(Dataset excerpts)
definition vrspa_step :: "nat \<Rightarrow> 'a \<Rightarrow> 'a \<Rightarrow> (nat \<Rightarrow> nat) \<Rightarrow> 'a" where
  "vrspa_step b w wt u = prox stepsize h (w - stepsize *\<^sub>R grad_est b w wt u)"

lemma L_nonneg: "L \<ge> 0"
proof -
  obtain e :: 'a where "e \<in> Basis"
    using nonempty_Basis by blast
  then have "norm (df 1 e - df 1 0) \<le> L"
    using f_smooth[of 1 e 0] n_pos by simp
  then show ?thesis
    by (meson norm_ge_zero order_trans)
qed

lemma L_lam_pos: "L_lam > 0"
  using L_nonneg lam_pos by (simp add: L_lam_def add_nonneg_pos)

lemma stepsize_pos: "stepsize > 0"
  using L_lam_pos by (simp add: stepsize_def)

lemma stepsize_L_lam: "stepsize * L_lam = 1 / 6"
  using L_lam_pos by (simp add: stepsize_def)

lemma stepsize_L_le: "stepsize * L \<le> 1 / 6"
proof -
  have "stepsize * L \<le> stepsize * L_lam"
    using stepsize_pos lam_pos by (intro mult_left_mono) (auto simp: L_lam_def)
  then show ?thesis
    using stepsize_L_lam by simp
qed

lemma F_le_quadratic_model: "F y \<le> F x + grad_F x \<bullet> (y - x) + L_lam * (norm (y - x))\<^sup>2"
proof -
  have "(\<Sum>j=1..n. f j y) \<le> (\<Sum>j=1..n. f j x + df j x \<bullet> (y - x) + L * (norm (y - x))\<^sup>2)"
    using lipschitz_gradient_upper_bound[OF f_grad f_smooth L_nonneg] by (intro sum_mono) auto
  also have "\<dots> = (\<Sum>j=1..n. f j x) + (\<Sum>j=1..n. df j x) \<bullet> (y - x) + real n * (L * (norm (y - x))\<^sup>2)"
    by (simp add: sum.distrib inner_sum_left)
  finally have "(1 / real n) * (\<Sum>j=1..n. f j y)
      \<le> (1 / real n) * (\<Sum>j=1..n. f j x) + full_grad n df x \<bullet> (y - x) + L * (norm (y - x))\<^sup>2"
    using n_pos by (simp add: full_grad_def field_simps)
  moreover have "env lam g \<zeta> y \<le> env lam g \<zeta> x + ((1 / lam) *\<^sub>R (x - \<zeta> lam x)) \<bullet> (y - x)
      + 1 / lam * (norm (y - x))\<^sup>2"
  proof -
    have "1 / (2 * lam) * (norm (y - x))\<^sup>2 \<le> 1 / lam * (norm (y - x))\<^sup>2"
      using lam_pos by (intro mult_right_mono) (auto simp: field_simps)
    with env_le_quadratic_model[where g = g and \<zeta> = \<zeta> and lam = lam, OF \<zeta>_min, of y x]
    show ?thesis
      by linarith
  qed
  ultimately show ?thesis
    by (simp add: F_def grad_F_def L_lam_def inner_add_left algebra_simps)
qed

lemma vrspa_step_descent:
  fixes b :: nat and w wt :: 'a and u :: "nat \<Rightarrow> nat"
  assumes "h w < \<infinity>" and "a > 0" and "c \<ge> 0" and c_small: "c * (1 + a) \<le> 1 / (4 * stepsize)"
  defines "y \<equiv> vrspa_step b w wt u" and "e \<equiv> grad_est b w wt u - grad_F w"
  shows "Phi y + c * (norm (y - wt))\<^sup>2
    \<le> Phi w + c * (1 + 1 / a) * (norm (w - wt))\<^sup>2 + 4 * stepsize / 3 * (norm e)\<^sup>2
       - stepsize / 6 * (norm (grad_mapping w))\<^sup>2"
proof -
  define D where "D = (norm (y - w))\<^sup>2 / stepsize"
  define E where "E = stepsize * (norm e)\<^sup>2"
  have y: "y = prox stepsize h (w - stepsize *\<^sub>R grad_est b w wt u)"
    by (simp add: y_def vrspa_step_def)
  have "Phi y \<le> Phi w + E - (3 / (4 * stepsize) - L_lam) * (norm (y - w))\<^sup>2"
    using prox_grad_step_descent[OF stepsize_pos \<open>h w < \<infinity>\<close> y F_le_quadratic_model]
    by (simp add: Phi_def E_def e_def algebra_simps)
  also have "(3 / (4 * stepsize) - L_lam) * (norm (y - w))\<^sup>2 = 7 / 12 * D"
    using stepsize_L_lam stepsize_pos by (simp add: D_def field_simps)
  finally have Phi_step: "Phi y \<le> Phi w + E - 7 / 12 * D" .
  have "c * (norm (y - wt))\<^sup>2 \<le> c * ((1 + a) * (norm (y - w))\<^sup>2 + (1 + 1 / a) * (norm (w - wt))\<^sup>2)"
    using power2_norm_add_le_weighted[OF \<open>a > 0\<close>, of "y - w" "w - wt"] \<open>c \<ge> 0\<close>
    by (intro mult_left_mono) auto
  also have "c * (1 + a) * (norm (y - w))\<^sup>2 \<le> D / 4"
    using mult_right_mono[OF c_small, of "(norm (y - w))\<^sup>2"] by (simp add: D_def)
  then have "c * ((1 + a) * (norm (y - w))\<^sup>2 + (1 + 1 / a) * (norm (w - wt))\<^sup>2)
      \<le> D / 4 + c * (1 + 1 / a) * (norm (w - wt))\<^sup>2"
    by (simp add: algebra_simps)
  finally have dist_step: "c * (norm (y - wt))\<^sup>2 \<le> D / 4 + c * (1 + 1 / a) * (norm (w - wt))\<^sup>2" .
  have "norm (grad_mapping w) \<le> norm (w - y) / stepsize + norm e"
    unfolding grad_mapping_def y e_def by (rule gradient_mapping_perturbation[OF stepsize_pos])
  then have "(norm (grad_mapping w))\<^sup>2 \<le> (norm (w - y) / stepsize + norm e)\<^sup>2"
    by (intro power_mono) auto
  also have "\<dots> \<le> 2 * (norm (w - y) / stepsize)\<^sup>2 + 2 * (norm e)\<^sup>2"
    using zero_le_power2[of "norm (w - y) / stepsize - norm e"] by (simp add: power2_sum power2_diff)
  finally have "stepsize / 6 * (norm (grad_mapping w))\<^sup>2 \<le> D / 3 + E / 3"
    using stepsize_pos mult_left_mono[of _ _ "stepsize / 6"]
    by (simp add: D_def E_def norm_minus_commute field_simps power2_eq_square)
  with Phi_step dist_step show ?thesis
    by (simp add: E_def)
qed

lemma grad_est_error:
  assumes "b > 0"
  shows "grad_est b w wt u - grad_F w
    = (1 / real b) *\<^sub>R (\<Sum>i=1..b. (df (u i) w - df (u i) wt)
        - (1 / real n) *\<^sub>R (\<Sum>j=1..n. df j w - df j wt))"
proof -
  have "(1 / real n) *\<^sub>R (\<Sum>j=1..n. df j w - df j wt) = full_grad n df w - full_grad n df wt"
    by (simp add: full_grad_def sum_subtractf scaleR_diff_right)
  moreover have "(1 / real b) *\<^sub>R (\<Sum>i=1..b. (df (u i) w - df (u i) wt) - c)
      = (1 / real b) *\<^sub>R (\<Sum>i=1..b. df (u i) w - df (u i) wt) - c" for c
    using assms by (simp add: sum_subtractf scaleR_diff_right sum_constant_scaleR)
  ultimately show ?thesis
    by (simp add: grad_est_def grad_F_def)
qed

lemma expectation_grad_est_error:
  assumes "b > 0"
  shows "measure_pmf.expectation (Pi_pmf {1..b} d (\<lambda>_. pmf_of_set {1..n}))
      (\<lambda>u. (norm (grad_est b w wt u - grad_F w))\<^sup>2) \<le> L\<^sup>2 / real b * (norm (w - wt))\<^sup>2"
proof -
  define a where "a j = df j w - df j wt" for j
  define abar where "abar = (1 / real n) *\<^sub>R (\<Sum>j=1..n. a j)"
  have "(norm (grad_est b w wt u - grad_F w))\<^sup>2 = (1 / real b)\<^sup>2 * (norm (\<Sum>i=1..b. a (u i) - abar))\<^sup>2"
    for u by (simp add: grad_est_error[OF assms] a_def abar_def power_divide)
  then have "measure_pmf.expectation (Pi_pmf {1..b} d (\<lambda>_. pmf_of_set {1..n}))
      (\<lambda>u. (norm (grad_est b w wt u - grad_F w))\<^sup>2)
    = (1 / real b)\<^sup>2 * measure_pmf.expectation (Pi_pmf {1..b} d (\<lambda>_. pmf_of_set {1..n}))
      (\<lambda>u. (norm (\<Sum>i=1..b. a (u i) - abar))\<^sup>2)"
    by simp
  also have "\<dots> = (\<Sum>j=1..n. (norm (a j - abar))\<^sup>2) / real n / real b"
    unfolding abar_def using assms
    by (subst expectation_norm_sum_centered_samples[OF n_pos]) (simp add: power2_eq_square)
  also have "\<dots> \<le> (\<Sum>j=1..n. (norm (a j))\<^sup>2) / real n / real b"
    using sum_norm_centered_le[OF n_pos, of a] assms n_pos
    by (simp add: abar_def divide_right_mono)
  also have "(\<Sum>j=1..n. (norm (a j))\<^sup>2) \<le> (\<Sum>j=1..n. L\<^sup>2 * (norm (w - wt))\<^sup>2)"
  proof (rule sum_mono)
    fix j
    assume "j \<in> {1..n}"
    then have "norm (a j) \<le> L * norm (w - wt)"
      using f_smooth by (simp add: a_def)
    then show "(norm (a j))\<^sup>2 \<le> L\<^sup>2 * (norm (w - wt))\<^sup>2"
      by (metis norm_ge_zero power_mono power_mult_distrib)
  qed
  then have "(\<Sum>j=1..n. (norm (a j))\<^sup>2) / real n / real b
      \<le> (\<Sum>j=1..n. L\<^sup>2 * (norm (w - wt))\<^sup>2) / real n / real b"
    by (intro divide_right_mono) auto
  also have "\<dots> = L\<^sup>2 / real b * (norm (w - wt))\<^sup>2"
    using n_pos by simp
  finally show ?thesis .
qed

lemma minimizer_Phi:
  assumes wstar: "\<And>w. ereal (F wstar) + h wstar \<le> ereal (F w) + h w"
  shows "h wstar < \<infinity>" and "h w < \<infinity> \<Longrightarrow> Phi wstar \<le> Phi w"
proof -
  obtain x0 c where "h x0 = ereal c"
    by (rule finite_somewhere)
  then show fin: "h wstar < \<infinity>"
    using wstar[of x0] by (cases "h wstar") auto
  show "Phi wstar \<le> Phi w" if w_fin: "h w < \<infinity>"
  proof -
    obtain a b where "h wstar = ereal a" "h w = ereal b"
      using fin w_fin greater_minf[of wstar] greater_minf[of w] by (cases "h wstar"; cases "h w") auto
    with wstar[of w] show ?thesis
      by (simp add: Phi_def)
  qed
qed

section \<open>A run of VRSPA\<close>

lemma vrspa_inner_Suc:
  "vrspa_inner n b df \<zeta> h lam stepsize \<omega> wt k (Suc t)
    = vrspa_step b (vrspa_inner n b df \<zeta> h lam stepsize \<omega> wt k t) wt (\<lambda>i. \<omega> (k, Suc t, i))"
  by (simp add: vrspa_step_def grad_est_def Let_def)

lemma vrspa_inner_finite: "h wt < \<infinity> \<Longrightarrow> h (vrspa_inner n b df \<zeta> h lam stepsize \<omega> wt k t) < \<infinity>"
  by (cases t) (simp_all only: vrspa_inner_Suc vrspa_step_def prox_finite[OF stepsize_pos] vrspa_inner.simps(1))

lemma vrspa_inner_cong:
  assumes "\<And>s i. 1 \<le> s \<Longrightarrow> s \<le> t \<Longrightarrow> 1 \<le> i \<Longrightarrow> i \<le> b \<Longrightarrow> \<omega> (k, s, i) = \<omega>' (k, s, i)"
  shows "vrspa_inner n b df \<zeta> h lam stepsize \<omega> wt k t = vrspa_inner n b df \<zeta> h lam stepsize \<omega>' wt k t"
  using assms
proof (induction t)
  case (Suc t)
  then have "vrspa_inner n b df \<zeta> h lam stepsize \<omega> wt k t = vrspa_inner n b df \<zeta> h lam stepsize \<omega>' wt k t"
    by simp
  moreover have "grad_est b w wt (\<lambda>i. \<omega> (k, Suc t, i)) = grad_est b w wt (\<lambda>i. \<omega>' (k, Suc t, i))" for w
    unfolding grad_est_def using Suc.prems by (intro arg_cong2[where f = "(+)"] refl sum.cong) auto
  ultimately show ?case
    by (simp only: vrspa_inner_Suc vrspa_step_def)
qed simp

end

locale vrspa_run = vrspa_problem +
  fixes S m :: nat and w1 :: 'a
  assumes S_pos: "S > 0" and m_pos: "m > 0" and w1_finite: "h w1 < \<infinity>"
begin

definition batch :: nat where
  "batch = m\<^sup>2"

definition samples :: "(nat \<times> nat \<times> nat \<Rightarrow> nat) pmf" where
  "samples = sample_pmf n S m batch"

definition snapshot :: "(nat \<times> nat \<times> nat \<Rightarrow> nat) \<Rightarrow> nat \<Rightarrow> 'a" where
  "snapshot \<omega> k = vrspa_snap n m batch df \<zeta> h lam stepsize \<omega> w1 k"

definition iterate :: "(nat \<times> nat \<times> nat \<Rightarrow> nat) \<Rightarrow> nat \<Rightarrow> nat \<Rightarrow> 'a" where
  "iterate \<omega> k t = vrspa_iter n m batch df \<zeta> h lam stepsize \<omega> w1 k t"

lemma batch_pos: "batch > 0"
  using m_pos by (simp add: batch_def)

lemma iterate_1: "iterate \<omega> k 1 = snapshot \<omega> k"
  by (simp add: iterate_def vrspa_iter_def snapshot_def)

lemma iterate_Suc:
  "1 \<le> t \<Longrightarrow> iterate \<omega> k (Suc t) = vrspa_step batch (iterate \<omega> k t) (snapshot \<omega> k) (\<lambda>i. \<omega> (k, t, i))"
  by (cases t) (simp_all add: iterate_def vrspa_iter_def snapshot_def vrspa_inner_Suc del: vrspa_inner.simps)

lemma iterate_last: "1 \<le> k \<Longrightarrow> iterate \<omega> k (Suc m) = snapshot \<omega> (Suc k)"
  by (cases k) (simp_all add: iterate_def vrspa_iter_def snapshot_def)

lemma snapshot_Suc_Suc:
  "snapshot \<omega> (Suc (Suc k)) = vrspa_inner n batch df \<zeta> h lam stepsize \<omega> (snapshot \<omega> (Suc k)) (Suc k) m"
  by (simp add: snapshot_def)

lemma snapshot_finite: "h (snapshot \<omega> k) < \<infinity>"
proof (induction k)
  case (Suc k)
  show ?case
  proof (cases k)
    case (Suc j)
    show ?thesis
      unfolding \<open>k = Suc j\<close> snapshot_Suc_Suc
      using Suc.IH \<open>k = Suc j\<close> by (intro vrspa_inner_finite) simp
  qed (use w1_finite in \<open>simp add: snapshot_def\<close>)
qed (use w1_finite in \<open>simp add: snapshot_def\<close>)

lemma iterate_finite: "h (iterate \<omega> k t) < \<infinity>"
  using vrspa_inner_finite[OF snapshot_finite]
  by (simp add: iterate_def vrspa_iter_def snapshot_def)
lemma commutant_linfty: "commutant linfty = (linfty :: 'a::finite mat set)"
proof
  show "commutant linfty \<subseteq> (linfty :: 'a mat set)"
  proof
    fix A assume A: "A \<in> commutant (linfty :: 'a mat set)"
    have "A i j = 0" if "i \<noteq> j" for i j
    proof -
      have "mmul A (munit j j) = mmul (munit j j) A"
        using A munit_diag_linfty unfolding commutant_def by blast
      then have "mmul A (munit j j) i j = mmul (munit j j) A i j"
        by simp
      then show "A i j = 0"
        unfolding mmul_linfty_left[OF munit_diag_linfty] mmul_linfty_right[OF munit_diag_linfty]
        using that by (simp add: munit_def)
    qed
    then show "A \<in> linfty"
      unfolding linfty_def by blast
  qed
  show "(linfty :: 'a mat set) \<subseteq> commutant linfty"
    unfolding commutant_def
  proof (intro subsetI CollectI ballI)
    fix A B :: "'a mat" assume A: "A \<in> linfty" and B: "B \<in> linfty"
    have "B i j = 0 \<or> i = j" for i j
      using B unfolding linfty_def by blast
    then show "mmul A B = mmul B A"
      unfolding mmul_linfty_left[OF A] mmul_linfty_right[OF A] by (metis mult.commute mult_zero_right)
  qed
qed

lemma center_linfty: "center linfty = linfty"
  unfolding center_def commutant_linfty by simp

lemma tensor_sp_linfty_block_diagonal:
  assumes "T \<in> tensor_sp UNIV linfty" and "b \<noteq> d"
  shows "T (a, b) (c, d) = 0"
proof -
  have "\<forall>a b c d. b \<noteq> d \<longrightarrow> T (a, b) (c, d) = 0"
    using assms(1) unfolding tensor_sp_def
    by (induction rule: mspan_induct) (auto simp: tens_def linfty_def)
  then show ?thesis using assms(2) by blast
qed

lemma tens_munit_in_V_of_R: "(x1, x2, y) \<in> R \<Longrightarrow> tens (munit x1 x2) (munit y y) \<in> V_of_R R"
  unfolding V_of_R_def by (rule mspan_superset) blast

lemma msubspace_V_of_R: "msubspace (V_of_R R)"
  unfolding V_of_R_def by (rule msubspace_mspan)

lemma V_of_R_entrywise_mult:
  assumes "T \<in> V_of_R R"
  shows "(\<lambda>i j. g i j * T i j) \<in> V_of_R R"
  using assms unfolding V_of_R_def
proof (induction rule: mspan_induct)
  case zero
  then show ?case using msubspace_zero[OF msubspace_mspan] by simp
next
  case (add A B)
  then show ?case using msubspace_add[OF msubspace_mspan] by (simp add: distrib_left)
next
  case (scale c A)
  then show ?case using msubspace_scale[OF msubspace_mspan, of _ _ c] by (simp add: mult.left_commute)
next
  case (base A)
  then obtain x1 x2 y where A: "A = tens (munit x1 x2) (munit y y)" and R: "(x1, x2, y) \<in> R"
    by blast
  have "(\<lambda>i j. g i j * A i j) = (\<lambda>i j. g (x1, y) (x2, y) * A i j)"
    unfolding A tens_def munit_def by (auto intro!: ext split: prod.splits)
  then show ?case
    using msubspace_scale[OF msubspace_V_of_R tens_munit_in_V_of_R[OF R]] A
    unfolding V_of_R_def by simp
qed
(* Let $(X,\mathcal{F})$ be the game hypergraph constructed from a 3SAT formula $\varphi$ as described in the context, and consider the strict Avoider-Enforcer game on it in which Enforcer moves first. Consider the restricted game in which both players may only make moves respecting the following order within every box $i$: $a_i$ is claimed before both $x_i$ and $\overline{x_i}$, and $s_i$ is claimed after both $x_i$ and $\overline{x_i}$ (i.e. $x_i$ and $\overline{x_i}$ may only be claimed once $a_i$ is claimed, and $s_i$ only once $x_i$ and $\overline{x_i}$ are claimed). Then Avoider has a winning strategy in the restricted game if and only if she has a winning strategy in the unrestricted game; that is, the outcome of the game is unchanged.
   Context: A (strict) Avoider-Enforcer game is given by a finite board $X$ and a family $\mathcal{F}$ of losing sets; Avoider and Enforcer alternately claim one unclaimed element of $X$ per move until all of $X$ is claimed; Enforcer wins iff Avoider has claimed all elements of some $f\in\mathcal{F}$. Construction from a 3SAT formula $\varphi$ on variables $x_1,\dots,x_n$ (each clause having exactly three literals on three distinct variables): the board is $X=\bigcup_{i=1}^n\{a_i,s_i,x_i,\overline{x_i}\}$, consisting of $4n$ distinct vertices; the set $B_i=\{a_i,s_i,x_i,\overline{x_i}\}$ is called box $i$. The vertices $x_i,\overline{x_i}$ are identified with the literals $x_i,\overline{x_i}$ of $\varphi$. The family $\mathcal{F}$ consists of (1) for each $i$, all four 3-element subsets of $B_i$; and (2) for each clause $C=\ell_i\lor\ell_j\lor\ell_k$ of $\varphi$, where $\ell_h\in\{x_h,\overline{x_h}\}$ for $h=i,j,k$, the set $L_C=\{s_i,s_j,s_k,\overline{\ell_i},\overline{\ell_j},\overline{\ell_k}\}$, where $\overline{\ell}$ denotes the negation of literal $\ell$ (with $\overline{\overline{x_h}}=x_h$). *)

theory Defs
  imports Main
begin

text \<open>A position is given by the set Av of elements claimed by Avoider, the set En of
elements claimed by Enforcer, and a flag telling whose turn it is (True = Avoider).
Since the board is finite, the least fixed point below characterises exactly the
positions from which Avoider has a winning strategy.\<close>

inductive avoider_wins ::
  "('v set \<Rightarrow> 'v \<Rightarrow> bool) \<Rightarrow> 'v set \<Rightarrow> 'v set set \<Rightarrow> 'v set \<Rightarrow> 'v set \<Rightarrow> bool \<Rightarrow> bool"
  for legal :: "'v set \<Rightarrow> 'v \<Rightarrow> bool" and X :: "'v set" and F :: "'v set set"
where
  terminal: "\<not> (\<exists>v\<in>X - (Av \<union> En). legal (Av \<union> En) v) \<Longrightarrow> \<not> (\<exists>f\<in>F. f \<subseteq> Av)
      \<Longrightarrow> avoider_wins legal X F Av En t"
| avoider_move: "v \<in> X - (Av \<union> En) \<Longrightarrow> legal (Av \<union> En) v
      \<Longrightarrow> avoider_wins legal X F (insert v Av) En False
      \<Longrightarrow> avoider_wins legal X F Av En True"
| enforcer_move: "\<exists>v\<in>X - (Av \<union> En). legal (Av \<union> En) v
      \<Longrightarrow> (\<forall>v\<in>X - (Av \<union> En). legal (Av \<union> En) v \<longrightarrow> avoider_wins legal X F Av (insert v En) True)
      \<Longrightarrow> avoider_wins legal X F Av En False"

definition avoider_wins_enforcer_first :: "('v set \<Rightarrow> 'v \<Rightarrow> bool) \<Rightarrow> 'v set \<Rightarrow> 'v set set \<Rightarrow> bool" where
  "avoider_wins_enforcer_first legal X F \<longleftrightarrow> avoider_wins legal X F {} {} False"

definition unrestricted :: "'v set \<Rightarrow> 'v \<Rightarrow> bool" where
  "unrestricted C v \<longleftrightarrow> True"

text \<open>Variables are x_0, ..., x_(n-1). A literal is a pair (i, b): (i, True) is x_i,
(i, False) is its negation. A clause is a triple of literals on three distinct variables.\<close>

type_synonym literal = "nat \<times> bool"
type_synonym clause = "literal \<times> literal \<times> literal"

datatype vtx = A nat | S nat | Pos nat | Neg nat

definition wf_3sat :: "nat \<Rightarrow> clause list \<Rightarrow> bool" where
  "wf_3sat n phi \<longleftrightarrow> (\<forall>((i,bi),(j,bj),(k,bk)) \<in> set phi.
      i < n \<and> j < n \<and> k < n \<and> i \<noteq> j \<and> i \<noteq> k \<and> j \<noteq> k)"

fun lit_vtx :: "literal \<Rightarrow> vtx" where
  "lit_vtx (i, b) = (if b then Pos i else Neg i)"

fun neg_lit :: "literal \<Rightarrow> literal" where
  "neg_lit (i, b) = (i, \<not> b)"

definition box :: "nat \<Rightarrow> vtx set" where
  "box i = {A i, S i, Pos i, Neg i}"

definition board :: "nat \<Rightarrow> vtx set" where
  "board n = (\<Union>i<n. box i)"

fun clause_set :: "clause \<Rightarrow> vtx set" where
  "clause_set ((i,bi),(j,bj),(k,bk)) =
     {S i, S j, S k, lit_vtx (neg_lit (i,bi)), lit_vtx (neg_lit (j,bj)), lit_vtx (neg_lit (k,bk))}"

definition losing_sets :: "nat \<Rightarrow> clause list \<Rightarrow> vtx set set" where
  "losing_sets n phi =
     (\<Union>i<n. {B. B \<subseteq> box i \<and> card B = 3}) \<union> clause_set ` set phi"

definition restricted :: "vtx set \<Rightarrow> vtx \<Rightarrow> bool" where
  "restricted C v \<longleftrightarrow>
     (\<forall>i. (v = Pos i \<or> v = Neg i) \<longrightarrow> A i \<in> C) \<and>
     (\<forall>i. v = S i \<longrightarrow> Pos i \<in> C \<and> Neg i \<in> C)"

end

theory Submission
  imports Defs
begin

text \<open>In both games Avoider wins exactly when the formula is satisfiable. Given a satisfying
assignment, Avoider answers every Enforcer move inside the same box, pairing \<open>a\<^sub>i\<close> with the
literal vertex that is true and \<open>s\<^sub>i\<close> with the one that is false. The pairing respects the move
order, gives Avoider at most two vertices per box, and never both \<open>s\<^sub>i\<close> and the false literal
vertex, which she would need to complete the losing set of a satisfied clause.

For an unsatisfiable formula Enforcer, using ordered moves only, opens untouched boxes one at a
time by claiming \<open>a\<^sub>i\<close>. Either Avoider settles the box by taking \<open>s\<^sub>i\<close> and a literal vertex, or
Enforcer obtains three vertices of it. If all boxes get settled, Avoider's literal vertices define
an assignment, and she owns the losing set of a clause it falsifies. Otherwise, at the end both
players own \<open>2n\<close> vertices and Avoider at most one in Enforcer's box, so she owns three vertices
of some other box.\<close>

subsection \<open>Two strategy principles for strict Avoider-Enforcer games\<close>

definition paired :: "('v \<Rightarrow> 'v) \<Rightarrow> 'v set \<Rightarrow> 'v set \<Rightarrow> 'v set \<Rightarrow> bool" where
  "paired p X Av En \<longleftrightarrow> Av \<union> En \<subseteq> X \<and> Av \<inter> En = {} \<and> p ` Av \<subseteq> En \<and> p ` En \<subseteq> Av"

### WHAT YOU ARE ASKED TO DO
If a line falls between the first line of the entries and the line containing "using L_nonneg lam_pos", or is one of those two, restate it word for word; leave all other lines out.

### ANSWER TO THIS PROBLEM
definition vrspa_step :: "nat \<Rightarrow> 'a \<Rightarrow> 'a \<Rightarrow> (nat \<Rightarrow> nat) \<Rightarrow> 'a" where
  "vrspa_step b w wt u = prox stepsize h (w - stepsize *\<^sub>R grad_est b w wt u)"

lemma L_nonneg: "L \<ge> 0"
proof -
  obtain e :: 'a where "e \<in> Basis"
    using nonempty_Basis by blast
  then have "norm (df 1 e - df 1 0) \<le> L"
    using f_smooth[of 1 e 0] n_pos by simp
  then show ?thesis
    by (meson norm_ge_zero order_trans)
qed

lemma L_lam_pos: "L_lam > 0"
  using L_nonneg lam_pos by (simp add: L_lam_def add_nonneg_pos)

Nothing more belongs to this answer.